Ridiculous? Yes, but entirely necessary. Also, shredded tires make better concrete, and pipeline pushed to breaking point.

Shredded Tires Make Great Concrete

Engineers from the University of British Columbia are using recycled tires to create stronger concrete. The new concrete could be used to prevent cracking in everything from buildings to bridges, and it will also help further reduces the number of tires that make it into landfills.

Of the 290 million tires thrown out each year just in the U.S., more than 80 percent are reused and recycled in some way. Still, that leaves about 57 million or so tires to do many other things with, like make a new concrete.

The new concrete is a mix of cement, sand and water and .35 percent tire fibers. Now, recycled-rubber roads are not new, some asphalt roads in the U.S. have rubber crumbs from shredded tires.

Most of you will be familiar with the crumbs that replaced pea gravel on playgrounds, and cover sweaty diving athletes on athletic fields. You can even find them in mulch.

This new process uses the tire fiber, not the crumbs. Every tire, when it’s recycled, can produce 1 kg of fiber. In initial tests, the concrete has reduced cracks by more than 90 percent.

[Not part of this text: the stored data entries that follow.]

(* Let $C$ be an unoriented resolution configuration with starting circles $\{x_i\}$ and ending circles $\{y_j\}$, and let $F_C:V_0(C)\to V_1(C)$ be an associated map satisfying the filtration rule and the naturality rule. Define $F_{m(C^* )}:V_0(m(C^* ))\to V_1(m(C^* ))$ on the mirror of the dual configuration by the duality rule, i.e. for monomials $a\in V_0(C)$, $b\in V_1(C)$ the coefficient of $a^*$ in $F_{m(C^* )}(b^* )$ is the coefficient of $b$ in $F_C(a)$. If $C$ is self-dual, i.e. there is an orientation-preserving diffeomorphism $\psi$ of $S^2$ carrying $C$ to $m(C^* )$, let $F'_C=\psi^{-1}\circ F_{m(C^* )}\circ\psi:V_0(C)\to V_1(C)$ (using the identifications induced by $\psi$), and replace $F_C$ by $\tilde F_C$, where $\tilde F_C=F_C+F'_C$ if $F_C\neq F'_C$ and $\tilde F_C=F_C$ otherwise. Then the resulting maps ($F_C$ together with $F_{m(C^* )}$ when $C\neq m(C^* )$, or $\tilde F_C$ when $C=m(C^* )$) satisfy the filtration rule, the duality rule and the naturality rule.
   Context: A $k$-dimensional resolution configuration $C$ is a finite set of pairwise disjoint embedded circles $x_1,\dots,x_t$ in $S^2$ together with $k$ embedded arcs which are pairwise disjoint, whose endpoints lie on the circles and whose interiors are disjoint from the circles; unoriented means the arcs carry no orientation. The $x_i$ are the starting circles; the ending circles $y_1,\dots,y_s$ are obtained by surgery along all arcs. The dual configuration $C^*$ consists of the ending circles with the dual arcs obtained by rotating each arc $90$ degrees counterclockwise. Writing $S^2=\mathbb{R}^2\cup\{\infty\}$, the mirror $m(C)$ is the reflection of $C$ in $\mathbb{R}\times\{0\}$. There are canonical identifications $V_0(m(C^* ))=V_1(C)$ and $V_1(m(C^* ))=V_0(C)$, where $V_0(C)=\bigotimes_i\mathbb{F}_2[x_i]/(x_i^2)$ and $V_1(C)=\bigotimes_j\mathbb{F}_2[y_j]/(y_j^2)$, with bases of monomials. For a monomial $a$, $a^*$ is obtained by applying $1\mapsto z$, $z\mapsto 1$ in each tensor factor $\mathbb{F}_2[z]/(z^2)$. Rules: (Naturality) if an orientation-preserving diffeomorphism of $S^2$ sends $C$ to $C'$, then $F_C=F_{C'}$ under the induced identifications of $V_0$ and $V_1$. (Duality) for all monomials $a\in V_0(C)$, $b\in V_1(C)$ the coefficient of $b$ in $F_C(a)$ equals the coefficient of $a^*$ in $F_{m(C^* )}(b^* )$. (Filtration) for a point $P$ on the starting circles, let $x(P)$, $y(P)$ be the starting and ending circles containing $P$; if a monomial $a$ is divisible by $x(P)$ and the coefficient of a monomial $b$ in $F_C(a)$ is non-zero, then $b$ is divisible by $y(P)$. *)

theory Defs
  imports "HOL-Homology.Homology"
begin

type_synonym pt = "nat \<Rightarrow> real"

definition S2 :: "pt set" where
  "S2 = topspace (nsphere 2)"

text \<open>The model square for a thickened arc (band). For a band b, the arc is
  t |-> b(t,0) with endpoints b(-1,0), b(1,0); the band meets the circles exactly in
  b({-1,1} x [-1,1]).\<close>
definition sq :: "(real \<times> real) set" where
  "sq = {-1..1} \<times> {-1..1}"

record rconf =
  circles :: "pt set set"
  bands   :: "(real \<times> real \<Rightarrow> pt) set"

definition is_circle :: "pt set \<Rightarrow> bool" where
  "is_circle c \<longleftrightarrow> c \<subseteq> S2 \<and> subtopology (nsphere 2) c homeomorphic_space nsphere 1"
lemma kernel_prod_ancestors_exchange:
  assumes dag: "is_dag V E" and e: "e1 \<noteq> e2" "(e1, e2) \<notin> E" "(e2, e1) \<notin> E"
  defines "S \<equiv> ancestors E {e1, e2}"
  shows "kernel_prod E S q (z(e1 := a, e2 := c)) * kernel_prod E S q (z(e1 := a', e2 := c'))
       = kernel_prod E S q (z(e1 := a, e2 := c')) * kernel_prod E S q (z(e1 := a', e2 := c))"
proof -
  define g where
    "g v s t = q v ((z(e1 := s, e2 := t)) v) (restrict (z(e1 := s, e2 := t)) (parents E v))" for v s t
  have "(\<Prod>v\<in>S. g v a c) * (\<Prod>v\<in>S. g v a' c') = (\<Prod>v\<in>S. g v a c') * (\<Prod>v\<in>S. g v a' c)"
  proof (rule prod_exchange_separated)
    fix v assume "v \<in> S"
    then have "e1 \<notin> insert v (parents E v) \<or> e2 \<notin> insert v (parents E v)"
      using ancestors_no_common_family[OF dag e] unfolding S_def by blast
    then show "(\<forall>s s' t. g v s t = g v s' t) \<or> (\<forall>s t t'. g v s t = g v s t')"
    proof
      assume "e1 \<notin> insert v (parents E v)"
      then have "g v s t = g v s' t" for s s' t
        unfolding g_def by (intro arg_cong2[where f = "q v"]) (auto simp: restrict_def fun_eq_iff)
      then show ?thesis by blast
    next
      assume "e2 \<notin> insert v (parents E v)"
      then have "g v s t = g v s t'" for s t t'
        unfolding g_def by (intro arg_cong2[where f = "q v"]) (auto simp: restrict_def fun_eq_iff)
      then show ?thesis by blast
    qed
  qed
  then show ?thesis unfolding kernel_prod_def g_def .
qed

text \<open>The law of two non-adjacent vertices, with their other ancestors frozen and all
  remaining vertices summed out, has the product form of the previous lemma, so it cannot put
  all its mass on two pairs (a, c) and (a', c') with a \<noteq> a' and c \<noteq> c'.\<close>
lemma two_point_dist_not_in_im:
  assumes dag: "is_dag V E" and finC: "finite C"
    and e: "e1 \<in> V" "e2 \<in> V" "e1 \<noteq> e2" "(e1, e2) \<notin> E" "(e2, e1) \<notin> E"
    and z: "z \<in> V \<rightarrow>\<^sub>E C"
    and vals: "a \<in> C" "a' \<in> C" "c \<in> C" "c' \<in> C" "a \<noteq> a'" "c \<noteq> c'"
  shows "two_point_dist (z(e1 := a, e2 := c)) (z(e1 := a', e2 := c')) \<notin> im V E C"
proof
  assume "two_point_dist (z(e1 := a, e2 := c)) (z(e1 := a', e2 := c')) \<in> im V E C"
  then obtain q where kernels: "markov_kernels V E C q"
    and fact: "\<forall>y\<in>V \<rightarrow>\<^sub>E C. two_point_dist (z(e1 := a, e2 := c)) (z(e1 := a', e2 := c')) y
                              = kernel_prod E V q y"
    unfolding im_iff by blast
  define S where "S = ancestors E {e1, e2}"
  define Z where "Z s t = z(e1 := s, e2 := t)" for s t
  define marginal where "marginal s t = kernel_prod E S q (Z s t)" for s t
  have EV: "E \<subseteq> V \<times> V" and finV: "finite V" using dag unfolding is_dag_def by auto
  have SV: "S \<subseteq> V" unfolding S_def by (rule ancestors_subset[OF EV]) (use e in blast)
  have eS: "e1 \<in> S" "e2 \<in> S" unfolding S_def ancestors_def by blast+
  have Z_in: "Z s t \<in> V \<rightarrow>\<^sub>E C" if "s \<in> C" "t \<in> C" for s t
    using z that e unfolding Z_def by (auto simp: PiE_iff extensional_def)
  let ?T = "\<lambda>s t. {y\<in>V \<rightarrow>\<^sub>E C. \<forall>v\<in>S. y v = Z s t v}"
  have Z_mem: "Z s' t' \<in> ?T s t \<longleftrightarrow> s = s' \<and> t = t'" if "s' \<in> C" "t' \<in> C" for s t s' t'
  proof
    assume "Z s' t' \<in> ?T s t"
    then have "Z s' t' e1 = Z s t e1" "Z s' t' e2 = Z s t e2" using eS by auto
    then show "s = s' \<and> t = t'" using e(3) by (simp add: Z_def)
  qed (use Z_in[OF that] in auto)
  have marginal_eq: "marginal s t = (if s = a \<and> t = c then 1/2 else 0) + (if s = a' \<and> t = c' then 1/2 else 0)"
    if "s \<in> C" "t \<in> C" for s t
  proof -
    have "marginal s t = (\<Sum>y\<in>?T s t. kernel_prod E V q y)"
      unfolding marginal_def S_def
      using sum_kernel_prod_agreeing_on_ancestral[OF dag kernels Z_in[OF that] _ ancestral_ancestors]
        SV S_def by simp
    also have "\<dots> = (\<Sum>y\<in>?T s t. two_point_dist (Z a c) (Z a' c') y)"
      using fact unfolding Z_def by (intro sum.cong) auto
    also have "\<dots> = (if Z a c \<in> ?T s t then 1/2 else 0) + (if Z a' c' \<in> ?T s t then 1/2 else 0)"
      using finV finC by (intro sum_two_point_dist) (simp add: finite_PiE)
    finally show ?thesis
      using Z_mem vals by simp
  qed
  have "marginal a c * marginal a' c' = marginal a c' * marginal a' c"
    unfolding marginal_def Z_def S_def by (rule kernel_prod_ancestors_exchange[OF dag e(3-5)])
  then show False
    using marginal_eq vals by simp
qed
(* Let $\varepsilon>0$ with $1/\varepsilon$ an integer, let $n$ be a positive integer, and let $I$ be a set of at most $n$ items packed in a horizontal (respectively vertical) container $C$. Then for every integer $k\ge1/\varepsilon$ there is a set $I'\subseteq I$ with $p(I')\ge(1-\varepsilon)p(I)$ that can be packed in a horizontal (respectively vertical) container $C'$ with $w(C')\le w(C)$, $h(C')\le h(C)$, $w(C')\in WIDTHS(I)^{(k)}$ and $h(C')\in HEIGHTS(I)^{(k)}$.
   Context: Items are axis-parallel rectangles with width $w_i$, height $h_i$, profit $p(i)\ge0$; no rotations. A horizontal container is a box in which items are stacked one on top of another (their projections on the $y$-axis have pairwise disjoint interiors); a vertical container is a box in which items are placed side by side (their projections on the $x$-axis have pairwise disjoint interiors). $WIDTHS(I)=\{w_j: j\in I\}$, $HEIGHTS(I)=\{h_j:j\in I\}$. For a finite set $P$ of reals and integer $k\ge0$, $P^{(k)}=\{(p_1+\dots+p_l)+i\,p_{l+1}: p_1,\dots,p_{l+1}\in P,\ 0\le l\le k,\ i\in\{0,1,\dots,n\}\}$. *)

theory Defs
  imports Complex_Main
begin

(* A packing of the item set I into a box
   of width W and height H (lower-left corner at the origin) assigns to each
   item the lower-left corner (x i, y i) of its placement. *)

definition horiz_container ::
  "('a \<Rightarrow> real) \<Rightarrow> ('a \<Rightarrow> real) \<Rightarrow> 'a set \<Rightarrow> real \<Rightarrow> real \<Rightarrow> bool" where
  "horiz_container w h I W H \<longleftrightarrow>
     (\<exists>x y :: 'a \<Rightarrow> real.
        (\<forall>i\<in>I. 0 \<le> x i \<and> x i + w i \<le> W \<and> 0 \<le> y i \<and> y i + h i \<le> H) \<and>
        (\<forall>i\<in>I. \<forall>j\<in>I. i \<noteq> j \<longrightarrow>
            {y i<..<y i + h i} \<inter> {y j<..<y j + h j} = {}))"

definition vert_container ::
  "('a \<Rightarrow> real) \<Rightarrow> ('a \<Rightarrow> real) \<Rightarrow> 'a set \<Rightarrow> real \<Rightarrow> real \<Rightarrow> bool" where
  "vert_container w h I W H \<longleftrightarrow>
     (\<exists>x y :: 'a \<Rightarrow> real.
        (\<forall>i\<in>I. 0 \<le> x i \<and> x i + w i \<le> W \<and> 0 \<le> y i \<and> y i + h i \<le> H) \<and>
        (\<forall>i\<in>I. \<forall>j\<in>I. i \<noteq> j \<longrightarrow>
            {x i<..<x i + w i} \<inter> {x j<..<x j + w j} = {}))"

definition WIDTHS :: "('a \<Rightarrow> real) \<Rightarrow> 'a set \<Rightarrow> real set" where
  "WIDTHS w I = w ` I"

definition HEIGHTS :: "('a \<Rightarrow> real) \<Rightarrow> 'a set \<Rightarrow> real set" where
  "HEIGHTS h I = h ` I"

definition ext_set :: "real set \<Rightarrow> nat \<Rightarrow> nat \<Rightarrow> real set" where
  "ext_set P k n = {sum_list ps + real i * q | ps q i.
       set ps \<subseteq> P \<and> length ps \<le> k \<and> q \<in> P \<and> i \<le> n}"

end

theory Submission
  imports Defs
begin

text \<open>
  By symmetry it suffices to treat a horizontal container. Its items can always be restacked
  flush on top of each other, so such a packing exists iff every width is at most the container
  width and the heights sum to at most the container height. The width is rounded down to the
  largest item width. For the height, let \<open>m = 1/\<epsilon>\<close>; if there are at least \<open>m\<close> items,
  drop the least profitable \<open>r\<close> among the \<open>m\<close> tallest ones, losing at most \<open>\<epsilon> p(I)\<close>.
  The remaining \<open>m - 1\<close> tall items keep their heights, while the total height \<open>S\<close> of the
  short items (each at most \<open>h r\<close>) is replaced by the least multiple \<open>c h r\<close> exceeding \<open>S\<close>.
  Since \<open>c h r \<le> S + h r\<close>, the new height does not exceed the old total height, and
  \<open>c\<close> is at most the number of short items plus one, hence at most \<open>n\<close>.
\<close>

lemma finite_obtains_max:
  fixes f :: "'a \<Rightarrow> 'b::linorder"
  assumes "finite A" "A \<noteq> {}"
  obtains a where "a \<in> A" "\<forall>j\<in>A. f j \<le> f a"
proof -
  have "Max (f ` A) \<in> f ` A" using assms by simp
  then obtain a where a: "a \<in> A" "f a = Max (f ` A)" by (metis imageE)
  show thesis using that[OF a(1)] a(2) assms(1) by simp
qed

lemma finite_obtains_min:
  fixes f :: "'a \<Rightarrow> 'b::linorder"
  assumes "finite A" "A \<noteq> {}"
  obtains a where "a \<in> A" "\<forall>j\<in>A. f a \<le> f j"
proof -
  have "Min (f ` A) \<in> f ` A" using assms by simp
  then obtain a where a: "a \<in> A" "f a = Min (f ` A)" by (metis imageE)
  show thesis using that[OF a(1)] a(2) assms(1) by simp
qed

lemma disjoint_intervals_le:
  fixes a b c d :: real
  assumes "{a<..<a + b} \<inter> {c<..<c + d} = {}" "0 < b" "0 < d" "c \<le> a"
  shows "c + d \<le> a"
proof (rule ccontr)
  assume "\<not> c + d \<le> a"
  then have "(a + min (a + b) (c + d)) / 2 \<in> {a<..<a + b} \<inter> {c<..<c + d}"
    using assms(2-4) by (simp add: min_def)
  with assms(1) show False by blast
qed

lemma stacked_heights_sum_le:
  fixes h y :: "'a \<Rightarrow> real"
  assumes "finite J" "0 \<le> H"
    and bounds: "\<forall>i\<in>J. 0 < h i \<and> 0 \<le> y i \<and> y i + h i \<le> H"
    and disj: "\<forall>i\<in>J. \<forall>j\<in>J. i \<noteq> j \<longrightarrow> {y i<..<y i + h i} \<inter> {y j<..<y j + h j} = {}"
  shows "sum h J \<le> H"
proof -
  have "\<forall>H. 0 \<le> H \<longrightarrow> (\<forall>i\<in>J. y i + h i \<le> H) \<longrightarrow> sum h J \<le> H"
    using assms(1)
  proof (induction J rule: finite_remove_induct)
    case (remove A)
    obtain a where a: "a \<in> A" "\<forall>j\<in>A. y j \<le> y a"
      using finite_obtains_max[OF remove(1,2), of y] by blast
    have below_a: "\<forall>j\<in>A - {a}. y j + h j \<le> y a"
      using a remove(3) disj bounds disjoint_intervals_le by (metis DiffE insertI1 subsetD)
    show ?case
    proof (intro allI impI)
      fix H assume "\<forall>i\<in>A. y i + h i \<le> H"
      have "sum h (A - {a}) \<le> y a"
        using remove.IH[OF a(1)] below_a bounds a(1) remove(3) by blast
      moreover have "sum h A = h a + sum h (A - {a})"
        using sum.remove[OF remove(1) a(1)] .
      ultimately show "sum h A \<le> H" using \<open>\<forall>i\<in>A. y i + h i \<le> H\<close> a(1) by fastforce
    qed
  qed simp
  then show ?thesis using assms(2) bounds by blast
qed

lemma horiz_container_stack:
  fixes w h :: "'a \<Rightarrow> real"
  assumes "finite J" "\<forall>i\<in>J. 0 \<le> h i \<and> w i \<le> W" "sum h J \<le> H"
  shows "horiz_container w h J W H"
  using assms
proof (induction J arbitrary: H rule: finite_induct)
  case empty
  then show ?case unfolding horiz_container_def by auto
next
  case (insert a J)
  then have "horiz_container w h J W (H - h a)" by simp
  then obtain x y where
      xy: "\<forall>i\<in>J. 0 \<le> x i \<and> x i + w i \<le> W \<and> 0 \<le> y i \<and> y i + h i \<le> H - h a"
    and disj: "\<forall>i\<in>J. \<forall>j\<in>J. i \<noteq> j \<longrightarrow> {y i<..<y i + h i} \<inter> {y j<..<y j + h j} = {}"
    unfolding horiz_container_def by blast
  have "0 \<le> sum h J" using insert.prems(1) by (intro sum_nonneg) auto
  define y' where "y' = y(a := H - h a)"
  have bounds: "\<forall>i\<in>insert a J. 0 \<le> (0::real) \<and> 0 + w i \<le> W \<and> 0 \<le> y' i \<and> y' i + h i \<le> H"
    using \<open>0 \<le> sum h J\<close> xy insert by (auto simp: y'_def)
  have top: "{y j<..<y j + h j} \<inter> {H - h a<..<H - h a + h a} = {}" if "j \<in> J" for j
    using xy that by auto
  have disj': "\<forall>i\<in>insert a J. \<forall>j\<in>insert a J. i \<noteq> j \<longrightarrow>
      {y' i<..<y' i + h i} \<inter> {y' j<..<y' j + h j} = {}"
    using top disj insert.hyps(2) unfolding y'_def by (simp add: min.commute max.commute)
  show ?case
    unfolding horiz_container_def
    by (intro exI[of _ "\<lambda>_. 0"] exI[of _ y'] conjI) (rule bounds, rule disj')
qed

lemma vert_container_iff_horiz_container:
  "vert_container w h J W H \<longleftrightarrow> horiz_container h w J H W"
  unfolding vert_container_def horiz_container_def
  by (subst ex_comm) (simp only: conj_ac)

lemma exists_subset_of_largest:
  fixes f :: "'a \<Rightarrow> 'b::linorder"
  assumes "finite I" "m \<le> card I"
  shows "\<exists>M\<subseteq>I. card M = m \<and> (\<forall>i\<in>I - M. \<forall>j\<in>M. f i \<le> f j)"
  using assms(2)
proof (induction m)
  case (Suc m)
  then obtain M where M: "M \<subseteq> I" "card M = m" "\<forall>i\<in>I - M. \<forall>j\<in>M. f i \<le> f j"
    by auto
  have "I - M \<noteq> {}" using M Suc.prems by auto
  then obtain a where a: "a \<in> I - M" "\<forall>i\<in>I - M. f i \<le> f a"
    using finite_obtains_max[of "I - M" f] assms(1) by blast
  have "card (insert a M) = Suc m" using a M finite_subset[OF M(1) assms(1)] by auto
  then show ?case using M a by (intro exI[of _ "insert a M"]) auto
qed (intro exI[of _ "{}"], simp)

lemma exists_member_card_mult_le_sum:
  fixes p :: "'a \<Rightarrow> real"
  assumes "finite I" "M \<subseteq> I" "M \<noteq> {}" "\<forall>i\<in>I. 0 \<le> p i"
  obtains r where "r \<in> M" "real (card M) * p r \<le> sum p I"
proof -
  obtain r where r: "r \<in> M" "\<forall>j\<in>M. p r \<le> p j"
    using finite_obtains_min[of M p] finite_subset[OF assms(2,1)] assms(3) by blast
  have "real (card M) * p r \<le> sum p M" using sum_bounded_below[of M "p r" p] r(2) by auto
  also have "\<dots> \<le> sum p I" using sum_mono2[OF assms(1,2)] assms(2,4) by auto
  finally show thesis using that r(1) by blast
qed

lemma exists_cheap_item_among_largest:
  fixes h p :: "'a \<Rightarrow> real"
  assumes fin: "finite I" and m: "0 < m" "m \<le> card I" and prof: "\<forall>i\<in>I. 0 \<le> p i"
  obtains r T where "r \<in> I" "T \<subseteq> I - {r}" "card T < m"
    "\<forall>i\<in>I - insert r T. h i \<le> h r" "real m * p r \<le> sum p I"
proof -
  obtain M where M: "M \<subseteq> I" "card M = m" "\<forall>i\<in>I - M. \<forall>j\<in>M. h i \<le> h j"
    using exists_subset_of_largest[OF fin m(2)] by blast
  have "M \<noteq> {}" using M(2) m(1) by auto
  then obtain r where r: "r \<in> M" "real (card M) * p r \<le> sum p I"
    by (rule exists_member_card_mult_le_sum[OF fin M(1) _ prof])
  have "finite M" using M(1) fin finite_subset by blast
  then have "card (M - {r}) < m" using M(2) r(1) m(1) by simp
  moreover have "I - insert r (M - {r}) = I - M" using r(1) by blast
  ultimately show thesis
    using that[of r "M - {r}"] M r by blast
qed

The concrete industry produces six billion cubic feet of concrete each year and the world throws away about three billion tires. If their tests check out, we could soon see concrete that is more resistant to loading, more durable, and helps keep tires out of landfills.

Facial Recognition for Pet Doors

A new DIY project was posted to Hackster by Windows. It's a Windows 10 IoT Core doggy door with pet recognition. The door includes a webcam, MinnowBoard Max (but you can use a Raspberry Pi), passive IR sensors, servo motors and open CV, or open source computer vision.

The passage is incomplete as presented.